Aryabhata 2
Aryabhata 2 is a reasoning-focused language model developed by PhysicsWallah for competitive STEM examinations (JEE, NEET). It is obtained by post-training GPT-OSS-20B via reinforcement learning on a curated curriculum of Physics, Chemistry, Mathematics, and General Reasoning questions — achieving strong accuracy at substantially lower inference cost than comparable models.
Model Summary
| Property | Value |
|---|---|
| Base model | openai/gpt-oss-20b |
| Training method | Reinforcement Learning (GRPO) + LoRA |
| Training data | Curated STEM questions (PhysicsWallah internal) |
| Training compute | 2× NVIDIA H100 NVL GPUs |
Performance
In-Distribution Benchmarks (Pass@1, 4-sample mean %)
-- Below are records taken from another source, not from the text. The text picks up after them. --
text \<open>In both halves the mixed terms \<open>y\<^sub>0 (y\<^sub>1 w) + y\<^sub>1 (y\<^sub>0 w)\<close> cancel by commutativity
  and \<open>x + x = 0\<close>.\<close>

lemma pfister_mult_square:
  assumes c2: "CHAR('a::field) = 2"
  shows "i < 2 ^ length cs
    \<Longrightarrow> pfister_mult cs y (pfister_mult cs y w) i = diag_form (pfister_list cs) y y * (w i :: 'a)"
proof (induction cs arbitrary: y w i)
  case (Cons c cs)
  let ?m = "2 ^ length cs" and ?p = "pfister_mult cs"
  let ?y1 = "vec_shift ?m y" and ?w1 = "vec_shift ?m w" and ?yw = "pfister_mult (c # cs) y w"
  note IH = Cons.IH
  have two: "(x::'a) + x = 0" for x using char2_add_self[OF c2] .
  show ?case
  proof (cases "i < ?m")
    case True
    have "pfister_mult (c # cs) y ?yw i = ?p y ?yw i + c * ?p ?y1 (vec_shift ?m ?yw) i"
      using True by (simp only: pfister_mult.simps(2)[of c cs y ?yw] if_True)
    also have "\<dots> = ?p y (?p y w) i + c * ?p ?y1 (?p ?y1 w) i
        + c * (?p y (?p ?y1 ?w1) i + ?p ?y1 (?p y ?w1) i)"
      by (simp only: pfister_mult_restrict vec_shift_pfister_mult pfister_mult_add pfister_mult_scale)
        (simp del: vec_shift_apply add: algebra_simps)
    also have "?p y (?p ?y1 ?w1) i + ?p ?y1 (?p y ?w1) i = 0"
      by (simp only: pfister_mult_left_commute[of cs ?y1 y] two)
    also have "?p y (?p y w) i + c * ?p ?y1 (?p ?y1 w) i + c * 0 = diag_form (pfister_list (c # cs)) y y * w i"
      by (simp only: IH[OF True] diag_form_pfister_Cons) (simp del: vec_shift_apply add: algebra_simps)
    finally show ?thesis .
  next
    case False
    then have j: "i - ?m < ?m" and wi: "?w1 (i - ?m) = w i" using Cons.prems by simp_all
    have "pfister_mult (c # cs) y ?yw i = ?p ?y1 ?yw (i - ?m) + ?p y (vec_shift ?m ?yw) (i - ?m)"
      using False Cons.prems
      by (simp only: pfister_mult.simps(2)[of c cs y ?yw] if_False if_True length_Cons power_Suc)
    also have "\<dots> = c * ?p ?y1 (?p ?y1 ?w1) (i - ?m) + ?p y (?p y ?w1) (i - ?m)
        + (?p ?y1 (?p y w) (i - ?m) + ?p y (?p ?y1 w) (i - ?m))"
      by (simp only: pfister_mult_restrict vec_shift_pfister_mult pfister_mult_add pfister_mult_scale)
        (simp del: vec_shift_apply add: algebra_simps)
    also have "?p ?y1 (?p y w) (i - ?m) + ?p y (?p ?y1 w) (i - ?m) = 0"
      by (simp only: pfister_mult_left_commute[of cs ?y1 y] two)
    also have "c * ?p ?y1 (?p ?y1 ?w1) (i - ?m) + ?p y (?p y ?w1) (i - ?m) + 0
        = diag_form (pfister_list (c # cs)) y y * w i"
      by (simp only: IH[OF j] diag_form_pfister_Cons wi) (simp del: vec_shift_apply add: algebra_simps)
    finally show ?thesis .
  qed
qed (simp add: diag_form_def)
| Model | JEE Adv. 2025 | NEET 2025 | JEE Main 2025 | JEE Main 2026 | Avg. |
|---|---|---|---|---|---|
| Gemini 2.5 Flash | 96.81 | 90.00 | 87.26 | 96.22 | 90.23 |
| GPT-5 Mini | 93.65 | 87.33 | 87.07 | 95.83 | 89.71 |
| Qwen3-30B-A3B (Thinking) | 90.48 | 86.00 | 84.89 | 97.26 | 88.55 |
| GPT-OSS-120B | 84.13 | 85.33 | 85.61 | 95.42 | 88.28 |
| Aryabhata 2 (ours) | 86.51 | 84.66 | 87.80 | 92.99 | 88.95 |
| Nemotron 3 Nano 30B A3B | 90.87 | 84.00 | 82.89 | 94.84 | 86.51 |
| GPT-OSS-20B | 77.38 | 81.33 | 79.27 | 92.46 | 83.00 |
Out-of-Distribution Benchmarks (Pass@1, 4-sample mean %)
| Model | AIME | HMMT | GPQA | MMLU-Pro | MMLU-Redux 2.0 | Avg. |
|---|---|---|---|---|---|---|
| GPT-OSS-120B | 90.00 | 80.01 | 77.06 | 90.11 | 95.94 | 89.50 |
| Qwen3-30B-A3B (Thinking) | 84.58 | 51.88 | 73.31 | 90.80 | 97.77 | 89.42 |
| Gemini 2.5 Flash | 66.61 | 59.13 | 75.09 | 90.44 | 96.85 | 89.13 |
| GPT-5 Mini | 83.33 | 70.97 | 75.46 | 89.64 | 96.40 | 88.85 |
| Aryabhata 2 (ours) | 86.67 | 78.96 | 74.86 | 88.49 | 92.92 | 87.64 |
| GPT-OSS-20B | 86.67 | 77.42 | 70.51 | 85.42 | 93.32 | 84.95 |
| Nemotron 3 Nano 30B A3B | 77.08 | 65.86 | 65.38 | 84.33 | 94.10 | 83.48 |
Token Efficiency (Acc./1K tokens)
Aryabhata 2 achieves the best accuracy-per-token ratio of all evaluated models, using up to 64% fewer output tokens than GPT-OSS-20B.
| Model | In-Dist. Pass@1 | In-Dist. Tokens | In-Dist. Acc./1K↑ | OOD Pass@1 | OOD Tokens | OOD Acc./1K↑ |
|---|---|---|---|---|---|---|
| Aryabhata 2 (ours) | 88.95 | 2,102 | 42.31 | 87.64 | 2,214 | 39.58 |
| GPT-OSS-120B | 88.28 | 3,312 | 26.66 | 89.50 | 3,661 | 24.44 |
| Qwen3-30B-A3B (Thinking) | 88.55 | 4,556 | 19.44 | 89.42 | 4,299 | 20.80 |
| GPT-OSS-20B | 83.00 | 5,293 | 15.68 | 84.95 | 4,860 | 17.48 |
Training Details
Data
The training corpus is derived from PhysicsWallah's internal question banks and processed through a multi-stage pipeline:
- Cleaning pipeline: HTML/image removal → LaTeX validation → LLM-based completeness check → domain filtering (~24% of data removed).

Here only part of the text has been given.